◆ WHAT THE TASK ASKS
The answer should be each line from the entries below that has the word "obtain" in it.

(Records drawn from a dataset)
== Segment start ==
(* Consider a qubit chain with sites indexed by $\mathbb{Z}$ and the Floquet unitary $U=\prod_{i\ \mathrm{odd}}C_{i,i+1}\prod_{i\ \mathrm{even}}C_{i,i+1}$, where each $C_{i,i+1}$ is a two-qubit Clifford gate on sites $(i,i+1)$ that is not in the product class. Let $k\ge1$, $a\in\mathbb{Z}$, and suppose $U$ has an irreducible left $k$-wall around $C=\{a+1,\dots,a+k\}$. Then the first gate $C_{a,a+1}$ and the last gate $C_{a+k,a+k+1}$ of the wall both belong to the $\mathrm{CZ}$-class.
   Context: Two-qubit Clifford gates fall into four classes under $C\mapsto(a_1\otimes a_2)C(a_3\otimes a_4)$ with $a_i$ single-qubit Cliffords (up to global phase): the product class (gates of the form $a\otimes b$), the $\mathrm{CZ}$-class $\{(a_1\otimes a_2)\,\mathrm{CZ}\,(a_3\otimes a_4)\}$ with $\mathrm{CZ}=\mathrm{diag}(1,1,1,-1)$, the $\mathrm{SWAP}$-class $\{(a_1\otimes a_2)\,\mathrm{SWAP}\,(a_3\otimes a_4)\}$, and the $\mathrm{FSWAP}$-class $\{(a_1\otimes a_2)\,\mathrm{CZ}\cdot\mathrm{SWAP}\,(a_3\otimes a_4)\}$. For integers $b\le c$, set $L_b=\{i\le b\}$, $C_{b,c}=\{b+1,\dots,c\}$ (empty if $b=c$), $R_c=\{i>c\}$. $U$ satisfies the left wall condition for $(b,c)$ if for every finitely supported Pauli string $P$ supported in $L_b$ and every integer $t\ge1$, $U^tPU^{-t}$ acts as the identity on every site of $R_c$. $U$ has an irreducible left $k$-wall around $\{a+1,\dots,a+k\}$ if it satisfies the left wall condition for $(a,a+k)$ but not for any $(b,c)$ with $a\le b\le c\le a+k$ and $(b,c)\ne(a,a+k)$. *)

theory Defs
  imports Complex_Main
begin

text \<open>Basis state False = |0>, True = |1>. A two-qubit index (x,y) means |x>|y>,
  first component = left site.\<close>

type_synonym mat1 = "bool \<Rightarrow> bool \<Rightarrow> complex"
type_synonym mat2 = "bool \<times> bool \<Rightarrow> bool \<times> bool \<Rightarrow> complex"
lemma dual_left_hom: "\<psi> (dual_left axr a f) = dual_left ayr a (\<psi> f)"
proof (rule blinfun_eqI)
  fix y
  have "blinfun_apply (\<psi> (dual_left axr a f)) y = blinfun_apply (\<psi> f) (ayr y a)"
  proof (rule eq_on_dense_span)
    show "bounded_linear (\<lambda>y. blinfun_apply (\<psi> f) (ayr y a))"
      by (intro bounded_linear_functional_compose bounded_bilinear.bounded_linear_left bilinear)
    fix c d y'
    have "ayr (ayl c (ayr y' d)) a = ayl c (ayr y' (d * a))"
      using Y by (simp add: banach_bimodule_def)
    then show "blinfun_apply (\<psi> (dual_left axr a f)) (ayl c (ayr y' d))
      = blinfun_apply (\<psi> f) (ayr (ayl c (ayr y' d)) a)"
      by (simp add: apply_two_sided dual_tens_act_dual_left_elementary_tensor[OF X])
  qed
  then show "blinfun_apply (\<psi> (dual_left axr a f)) y = blinfun_apply (dual_left ayr a (\<psi> f)) y"
    by (simp add: dual_left_apply bilinear)
qed

lemma dual_right_hom: "\<psi> (dual_right axl f a) = dual_right ayl (\<psi> f) a"
proof (rule blinfun_eqI)
  fix y
  have "blinfun_apply (\<psi> (dual_right axl f a)) y = blinfun_apply (\<psi> f) (ayl a y)"
  proof (rule eq_on_dense_span)
    show "bounded_linear (\<lambda>y. blinfun_apply (\<psi> f) (ayl a y))"
      by (intro bounded_linear_functional_compose bounded_bilinear.bounded_linear_right bilinear)
    fix c d y'
    have "ayl a (ayl c (ayr y' d)) = ayl (a * c) (ayr y' d)"
      using Y by (simp add: banach_bimodule_def)
    then show "blinfun_apply (\<psi> (dual_right axl f a)) (ayl c (ayr y' d))
      = blinfun_apply (\<psi> f) (ayl a (ayl c (ayr y' d)))"
      by (simp add: apply_two_sided dual_tens_act_dual_right_elementary_tensor[OF X])
  qed
  then show "blinfun_apply (\<psi> (dual_right axl f a)) y = blinfun_apply (dual_right ayl (\<psi> f) a) y"
    by (simp add: dual_right_apply bilinear)
qed

lemma dual_bimodule_hom: "bimodule_hom (dual_left axr) (dual_right axl) (dual_left ayr) (dual_right ayl) \<psi>"
  by (simp add: bimodule_hom_def dual_left_hom dual_right_hom)

end

theorem proposition4p1:
  fixes ul :: "'u::{real_normed_algebra,banach} \<Rightarrow> 'b::{real_normed_algebra,banach} \<Rightarrow> 'b"
    and ur :: "'b \<Rightarrow> 'u \<Rightarrow> 'b"
    and axl :: "'b \<Rightarrow> 'x::banach \<Rightarrow> 'x" and axr :: "'x \<Rightarrow> 'b \<Rightarrow> 'x"
    and uxl :: "'u \<Rightarrow> 'x \<Rightarrow> 'x" and uxr :: "'x \<Rightarrow> 'u \<Rightarrow> 'x"
    and ayl :: "'b \<Rightarrow> 'y::banach \<Rightarrow> 'y" and ayr :: "'y \<Rightarrow> 'b \<Rightarrow> 'y"
    and uyl :: "'u \<Rightarrow> 'y \<Rightarrow> 'y" and uyr :: "'y \<Rightarrow> 'u \<Rightarrow> 'y"
  assumes A: "comm_compat_alg_module ul ur"
    and X: "comm_AU_module ul ur axl axr uxl uxr"
    and Y: "comm_AU_module ul ur ayl ayr uyl uyr"
  shows
    "(\<forall>\<phi> :: 'x \<Rightarrow> 'y.
        bounded_linear \<phi> \<and> bimodule_hom axl axr ayl ayr \<phi> \<and> bimodule_hom uxl uxr uyl uyr \<phi>
        \<longrightarrow> (\<forall>p \<in> ptensor_reps. \<forall>x. \<phi> (tens_act axl axr p x) = tens_act ayl ayr p (\<phi> x))
            \<and> bimodule_hom uxl uxr uyl uyr \<phi>)
     \<and>
     (\<forall>\<psi> :: ('x \<Rightarrow>\<^sub>L real) \<Rightarrow> ('y \<Rightarrow>\<^sub>L real).
        essential_bimodule ayl ayr \<and> bounded_linear \<psi>
        \<and> (\<forall>p \<in> ptensor_reps. \<forall>f. \<psi> (dual_tens_act axl axr f p) = dual_tens_act ayl ayr (\<psi> f) p)
        \<and> bimodule_hom (dual_left uxr) (dual_right uxl) (dual_left uyr) (dual_right uyl) \<psi>
        \<longrightarrow> bimodule_hom (dual_left axr) (dual_right axl) (dual_left ayr) (dual_right ayl) \<psi>
            \<and> bimodule_hom (dual_left uxr) (dual_right uxl) (dual_left uyr) (dual_right uyl) \<psi>)"
proof -
  have X_bimodule: "banach_bimodule axl axr" and Y_bimodule: "banach_bimodule ayl ayr"
    using X Y by (auto simp: comm_AU_module_def)
  then have "bounded_bilinear axl" "bounded_bilinear axr"
    by (auto simp: banach_bimodule_def)
  then have part_i: "\<phi> (tens_act axl axr p x) = tens_act ayl ayr p (\<phi> x)"
    if "bounded_linear \<phi>" "bimodule_hom axl axr ayl ayr \<phi>" "p \<in> ptensor_reps" for \<phi> :: "'x \<Rightarrow> 'y" and p x
    using that by (intro bimodule_hom_commutes_tens_act)
  have part_ii: "bimodule_hom (dual_left axr) (dual_right axl) (dual_left ayr) (dual_right ayl) \<psi>"
    if "essential_bimodule ayl ayr"
      and "\<forall>p \<in> ptensor_reps. \<forall>f. \<psi> (dual_tens_act axl axr f p) = dual_tens_act ayl ayr (\<psi> f) p"
    for \<psi> :: "('x \<Rightarrow>\<^sub>L real) \<Rightarrow> ('y \<Rightarrow>\<^sub>L real)"
    using that elementary_tensor_in_ptensor_reps
    by (intro dual_tens_hom.dual_bimodule_hom dual_tens_hom.intro X_bimodule Y_bimodule) auto
  show ?thesis
    using part_i part_ii by blast
qed
text \<open>A common point of the two cylinders yields a common upper bound of the padded heaps.\<close>

lemma up_pad_disjoint:
  assumes "x1 \<in> heaps I" "x2 \<in> heaps I" "hcount a x1 = 0" "hcount a x2 = 0"
    and "height (rep x1) mod walk_bound = height (rep x2) mod walk_bound" and "x1 \<noteq> x2"
  shows "up I (hmult I x1 (pad_heap x1)) \<inter> up I (hmult I x2 (pad_heap x2)) = {}"
proof (rule ccontr)
  assume "up I (hmult I x1 (pad_heap x1)) \<inter> up I (hmult I x2 (pad_heap x2)) \<noteq> {}"
  then obtain \<xi> where \<xi>: "\<xi> \<in> up I (hmult I x1 (pad_heap x1))" "\<xi> \<in> up I (hmult I x2 (pad_heap x2))"
    by blast
  obtain n1 where n1: "\<forall>m\<ge>n1. \<exists>t. heap_equiv I (boundary_word \<xi> m) (rep (hmult I x1 (pad_heap x1)) @ t)"
    using up_boundary_word[OF hmult_in_heaps \<xi>(1)] by blast
  obtain n2 where n2: "\<forall>m\<ge>n2. \<exists>t. heap_equiv I (boundary_word \<xi> m) (rep (hmult I x2 (pad_heap x2)) @ t)"
    using up_boundary_word[OF hmult_in_heaps \<xi>(2)] by blast
  let ?u = "boundary_word \<xi> (max n1 n2)"
  obtain t1 t2 where t1: "heap_equiv I ?u (rep (hmult I x1 (pad_heap x1)) @ t1)"
    and t2: "heap_equiv I ?u (rep (hmult I x2 (pad_heap x2)) @ t2)"
    using n1 n2 by (meson max.cobounded1 max.cobounded2)
  have "heap_equiv I ?u (rep x1 @ walk (top_piece (rep x1)) @ t1)"
    using heap_equiv_trans[OF t1 heap_equiv_append[OF heap_equiv_rep_pad heap_equiv_refl]] by simp
  moreover have "heap_equiv I ?u (rep x2 @ walk (top_piece (rep x2)) @ t2)"
    using heap_equiv_trans[OF t2 heap_equiv_append[OF heap_equiv_rep_pad heap_equiv_refl]] by simp
  ultimately have "heap_equiv I (rep x1 @ walk (top_piece (rep x1)) @ t1) (rep x2 @ walk (top_piece (rep x2)) @ t2)"
    using heap_equiv_trans[OF heap_equiv_sym] by blast
  moreover have "a \<notin> set (rep x1)" "a \<notin> set (rep x2)"
    using assms(3,4) by (auto simp: hcount_def count_list_0_iff)
  ultimately have "heap_equiv I (rep x1) (rep x2)"
    using heap_equiv_cancel_pad assms(5) by blast
  then show False using assms(1,2,6) heap_of_eq_iff heap_of_rep by metis
qed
== Segment end ==
◆ THE ANSWER
  then obtain \<xi> where \<xi>: "\<xi> \<in> up I (hmult I x1 (pad_heap x1))" "\<xi> \<in> up I (hmult I x2 (pad_heap x2))"
  obtain n1 where n1: "\<forall>m\<ge>n1. \<exists>t. heap_equiv I (boundary_word \<xi> m) (rep (hmult I x1 (pad_heap x1)) @ t)"
  obtain n2 where n2: "\<forall>m\<ge>n2. \<exists>t. heap_equiv I (boundary_word \<xi> m) (rep (hmult I x2 (pad_heap x2)) @ t)"
  obtain t1 t2 where t1: "heap_equiv I ?u (rep (hmult I x1 (pad_heap x1)) @ t1)"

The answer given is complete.